(* Let $\tilde L(\lambda)=\lambda^2I+\lambda D+\tilde A\in\mathcal{L}(H_1,H_{-1})$, $\lambda\in\mathbb{C}$. (1) Under the hypotheses of Theorem 1 — (A), (B), and for some $k\in(0,\beta)$, $m\in(0,1]$, $\omega_1=\inf_{x\in H_1,x\ne0}\bigl[\frac1k(D_1x,x)_{-1,1}-\|x\|^2-\frac1{4m}\|(\frac1k\tilde S-D_2)x\|_{-1}^2\bigr]/\|x\|^2\ge0$ — with $\theta=\min\{\omega_1/2,(1-m)/\omega_2\}$, the spectrum of $\tilde L$ satisfies $\sigma(\tilde L)\subseteq\{\lambda\in\mathbb{C}:\mathrm{Re}\,\lambda\le-k\theta\}$. (2) Under the hypotheses of Theorem 2 — (A), (C), and for some $k\in(0,\beta)$, $p,q>0$ with $p+q\le1$, $\omega_1'=a_0(\delta/k-\|\tilde S\|^2/(4pk^2)-\|D_2\|^2/(4q))\ge1$ — with $\theta'=\min\{(\omega_1'-1)/2,(1-p-q)/\omega_2\}$, one has $\sigma(\tilde L)\subseteq\{\lambda\in\mathbb{C}:\mathrm{Re}\,\lambda\le-k\theta'\}$.
   Context: $H$ is a complex Hilbert space with inner product $(\cdot,\cdot)$ and norm $\|\cdot\|$; $\mathcal{L}(X,Y)$ denotes bounded operators from $X$ to $Y$. Assumption (A): $A:\mathrm{Dom}(A)\subset H\to H$ is m-sectorial (densely defined, numerical range in a sector $\{|\mathrm{Im}\,z|\le\tan(\omega)\,\mathrm{Re}\,z\}$ for some $\omega\in[0,\pi/2)$, no proper sectorial extension), and $\mathrm{Re}(Ax,x)\ge a_0\|x\|^2$ for some $a_0>0$ and all $x\in\mathrm{Dom}(A)$. Then there are a self-adjoint positive definite $T$ (with $T\ge a_0$) and a bounded self-adjoint $S$ on $H$ with $A=T^{1/2}(I+iS)T^{1/2}$. For $s\ge0$, $H_s=\mathrm{Dom}(T^{s/2})$ with norm $\|x\|_s=\|T^{s/2}x\|$; for $s<0$, $H_s$ is the completion of $H$ in $\|x\|_s=\|T^{s/2}x\|$. $(\cdot,\cdot)_{-1,1}$ is the duality pairing on $H_{-1}\times H_1$ extending $(\cdot,\cdot)$. $\tilde A\in\mathcal{L}(H_1,H_{-1})$ is the continuous extension of $A$; $\tilde S=T^{1/2}ST^{1/2}\in\mathcal{L}(H_1,H_{-1})$. Assumption (B): $D\in\mathcal{L}(H_1,H_{-1})$ and $\beta=\inf_{x\in H_1,x\ne0}\mathrm{Re}(Dx,x)_{-1,1}/\|x\|^2>0$. Assumption (C): $D\in\mathcal{L}(H_1,H_{-1})$ and $\delta=\inf_{x\in H_1,x\ne0}\mathrm{Re}(Dx,x)_{-1,1}/\|x\|_1^2>0$ (this implies (B)). Put $D'=T^{-1/2}DT^{-1/2}\in\mathcal{L}(H)$, $D_1=\tfrac12T^{1/2}(D'+D'^* )T^{1/2}$, $D_2=\tfrac1{2i}T^{1/2}(D'-D'^* )T^{1/2}$. $\|\tilde S\|$, $\|D_2\|$ are norms in $\mathcal{L}(H_1,H_{-1})$. $\omega_2=\sup_{x\in H_1,x\ne0}[\|x\|_1^2+k(D_1x,x)_{-1,1}+k^2\|x\|^2]/\|x\|_1^2$. The resolvent set of the pencil is $\rho(\tilde L)=\{\lambda\in\mathbb{C}: \tilde L(\lambda)^{-1}\text{ exists in }\mathcal{L}(H_{-1},H_1)\}$ and $\sigma(\tilde L)=\mathbb{C}\setminus\rho(\tilde L)$. *)

theory Defs
  imports "HOL-Analysis.Analysis"
begin

text \<open>HOL has no complex vector spaces; we add complex scalar multiplication and a
complex inner product (linear in the first argument) on top of a real inner product
space, compatible with the real structure. A complex Hilbert space is a type of class
complex_inner and complete_space.\<close>

class complex_inner = real_inner +
  fixes scaleC :: "complex \<Rightarrow> 'a \<Rightarrow> 'a"
  fixes cinner :: "'a \<Rightarrow> 'a \<Rightarrow> complex"
  assumes scaleC_add_right: "scaleC a (x + y) = scaleC a x + scaleC a y"
    and scaleC_add_left: "scaleC (a + b) x = scaleC a x + scaleC b x"
    and scaleC_scaleC: "scaleC a (scaleC b x) = scaleC (a * b) x"
    and scaleC_one: "scaleC 1 x = x"
    and scaleR_scaleC: "scaleR r x = scaleC (complex_of_real r) x"
    and cinner_add_left: "cinner (x + y) z = cinner x z + cinner y z"
    and cinner_scaleC_left: "cinner (scaleC a x) y = a * cinner x y"
    and cinner_commute: "cinner y x = cnj (cinner x y)"
    and Re_cinner: "Re (cinner x y) = inner x y"

definition csubspace :: "'a::complex_inner set \<Rightarrow> bool" where
  "csubspace U \<longleftrightarrow> 0 \<in> U \<and> (\<forall>x\<in>U. \<forall>y\<in>U. x + y \<in> U) \<and> (\<forall>c. \<forall>x\<in>U. scaleC c x \<in> U)"

text \<open>A (possibly unbounded) linear operator is a pair (domain, function).\<close>
definition clinear_on :: "'a::complex_inner set \<Rightarrow> ('a \<Rightarrow> 'b::complex_inner) \<Rightarrow> bool" where
  "clinear_on U f \<longleftrightarrow> csubspace U \<and> (\<forall>x\<in>U. \<forall>y\<in>U. f (x + y) = f x + f y)
      \<and> (\<forall>c. \<forall>x\<in>U. f (scaleC c x) = scaleC c (f x))"

definition bounded_clinear_op :: "('a::complex_inner \<Rightarrow> 'a) \<Rightarrow> bool" where
  "bounded_clinear_op f \<longleftrightarrow> clinear_on UNIV f \<and> (\<exists>K. \<forall>x. norm (f x) \<le> K * norm x)"

definition bounded_selfadjoint :: "('a::complex_inner \<Rightarrow> 'a) \<Rightarrow> bool" where
  "bounded_selfadjoint S \<longleftrightarrow> bounded_clinear_op S \<and> (\<forall>x y. cinner (S x) y = cinner x (S y))"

—————

- **WORK REQUIRED**
For this task, print the records again exactly as they appear.

- **ANSWER BELOW**
(* Let $\tilde L(\lambda)=\lambda^2I+\lambda D+\tilde A\in\mathcal{L}(H_1,H_{-1})$, $\lambda\in\mathbb{C}$. (1) Under the hypotheses of Theorem 1 — (A), (B), and for some $k\in(0,\beta)$, $m\in(0,1]$, $\omega_1=\inf_{x\in H_1,x\ne0}\bigl[\frac1k(D_1x,x)_{-1,1}-\|x\|^2-\frac1{4m}\|(\frac1k\tilde S-D_2)x\|_{-1}^2\bigr]/\|x\|^2\ge0$ — with $\theta=\min\{\omega_1/2,(1-m)/\omega_2\}$, the spectrum of $\tilde L$ satisfies $\sigma(\tilde L)\subseteq\{\lambda\in\mathbb{C}:\mathrm{Re}\,\lambda\le-k\theta\}$. (2) Under the hypotheses of Theorem 2 — (A), (C), and for some $k\in(0,\beta)$, $p,q>0$ with $p+q\le1$, $\omega_1'=a_0(\delta/k-\|\tilde S\|^2/(4pk^2)-\|D_2\|^2/(4q))\ge1$ — with $\theta'=\min\{(\omega_1'-1)/2,(1-p-q)/\omega_2\}$, one has $\sigma(\tilde L)\subseteq\{\lambda\in\mathbb{C}:\mathrm{Re}\,\lambda\le-k\theta'\}$.
   Context: $H$ is a complex Hilbert space with inner product $(\cdot,\cdot)$ and norm $\|\cdot\|$; $\mathcal{L}(X,Y)$ denotes bounded operators from $X$ to $Y$. Assumption (A): $A:\mathrm{Dom}(A)\subset H\to H$ is m-sectorial (densely defined, numerical range in a sector $\{|\mathrm{Im}\,z|\le\tan(\omega)\,\mathrm{Re}\,z\}$ for some $\omega\in[0,\pi/2)$, no proper sectorial extension), and $\mathrm{Re}(Ax,x)\ge a_0\|x\|^2$ for some $a_0>0$ and all $x\in\mathrm{Dom}(A)$. Then there are a self-adjoint positive definite $T$ (with $T\ge a_0$) and a bounded self-adjoint $S$ on $H$ with $A=T^{1/2}(I+iS)T^{1/2}$. For $s\ge0$, $H_s=\mathrm{Dom}(T^{s/2})$ with norm $\|x\|_s=\|T^{s/2}x\|$; for $s<0$, $H_s$ is the completion of $H$ in $\|x\|_s=\|T^{s/2}x\|$. $(\cdot,\cdot)_{-1,1}$ is the duality pairing on $H_{-1}\times H_1$ extending $(\cdot,\cdot)$. $\tilde A\in\mathcal{L}(H_1,H_{-1})$ is the continuous extension of $A$; $\tilde S=T^{1/2}ST^{1/2}\in\mathcal{L}(H_1,H_{-1})$. Assumption (B): $D\in\mathcal{L}(H_1,H_{-1})$ and $\beta=\inf_{x\in H_1,x\ne0}\mathrm{Re}(Dx,x)_{-1,1}/\|x\|^2>0$. Assumption (C): $D\in\mathcal{L}(H_1,H_{-1})$ and $\delta=\inf_{x\in H_1,x\ne0}\mathrm{Re}(Dx,x)_{-1,1}/\|x\|_1^2>0$ (this implies (B)). Put $D'=T^{-1/2}DT^{-1/2}\in\mathcal{L}(H)$, $D_1=\tfrac12T^{1/2}(D'+D'^* )T^{1/2}$, $D_2=\tfrac1{2i}T^{1/2}(D'-D'^* )T^{1/2}$. $\|\tilde S\|$, $\|D_2\|$ are norms in $\mathcal{L}(H_1,H_{-1})$. $\omega_2=\sup_{x\in H_1,x\ne0}[\|x\|_1^2+k(D_1x,x)_{-1,1}+k^2\|x\|^2]/\|x\|_1^2$. The resolvent set of the pencil is $\rho(\tilde L)=\{\lambda\in\mathbb{C}: \tilde L(\lambda)^{-1}\text{ exists in }\mathcal{L}(H_{-1},H_1)\}$ and $\sigma(\tilde L)=\mathbb{C}\setminus\rho(\tilde L)$. *)

theory Defs
  imports "HOL-Analysis.Analysis"
begin

text \<open>HOL has no complex vector spaces; we add complex scalar multiplication and a
complex inner product (linear in the first argument) on top of a real inner product
space, compatible with the real structure. A complex Hilbert space is a type of class
complex_inner and complete_space.\<close>

class complex_inner = real_inner +
  fixes scaleC :: "complex \<Rightarrow> 'a \<Rightarrow> 'a"
  fixes cinner :: "'a \<Rightarrow> 'a \<Rightarrow> complex"
  assumes scaleC_add_right: "scaleC a (x + y) = scaleC a x + scaleC a y"
    and scaleC_add_left: "scaleC (a + b) x = scaleC a x + scaleC b x"
    and scaleC_scaleC: "scaleC a (scaleC b x) = scaleC (a * b) x"
    and scaleC_one: "scaleC 1 x = x"
    and scaleR_scaleC: "scaleR r x = scaleC (complex_of_real r) x"
    and cinner_add_left: "cinner (x + y) z = cinner x z + cinner y z"
    and cinner_scaleC_left: "cinner (scaleC a x) y = a * cinner x y"
    and cinner_commute: "cinner y x = cnj (cinner x y)"
    and Re_cinner: "Re (cinner x y) = inner x y"

definition csubspace :: "'a::complex_inner set \<Rightarrow> bool" where
  "csubspace U \<longleftrightarrow> 0 \<in> U \<and> (\<forall>x\<in>U. \<forall>y\<in>U. x + y \<in> U) \<and> (\<forall>c. \<forall>x\<in>U. scaleC c x \<in> U)"

text \<open>A (possibly unbounded) linear operator is a pair (domain, function).\<close>
definition clinear_on :: "'a::complex_inner set \<Rightarrow> ('a \<Rightarrow> 'b::complex_inner) \<Rightarrow> bool" where
  "clinear_on U f \<longleftrightarrow> csubspace U \<and> (\<forall>x\<in>U. \<forall>y\<in>U. f (x + y) = f x + f y)
      \<and> (\<forall>c. \<forall>x\<in>U. f (scaleC c x) = scaleC c (f x))"

definition bounded_clinear_op :: "('a::complex_inner \<Rightarrow> 'a) \<Rightarrow> bool" where
  "bounded_clinear_op f \<longleftrightarrow> clinear_on UNIV f \<and> (\<exists>K. \<forall>x. norm (f x) \<le> K * norm x)"

definition bounded_selfadjoint :: "('a::complex_inner \<Rightarrow> 'a) \<Rightarrow> bool" where
  "bounded_selfadjoint S \<longleftrightarrow> bounded_clinear_op S \<and> (\<forall>x y. cinner (S x) y = cinner x (S y))"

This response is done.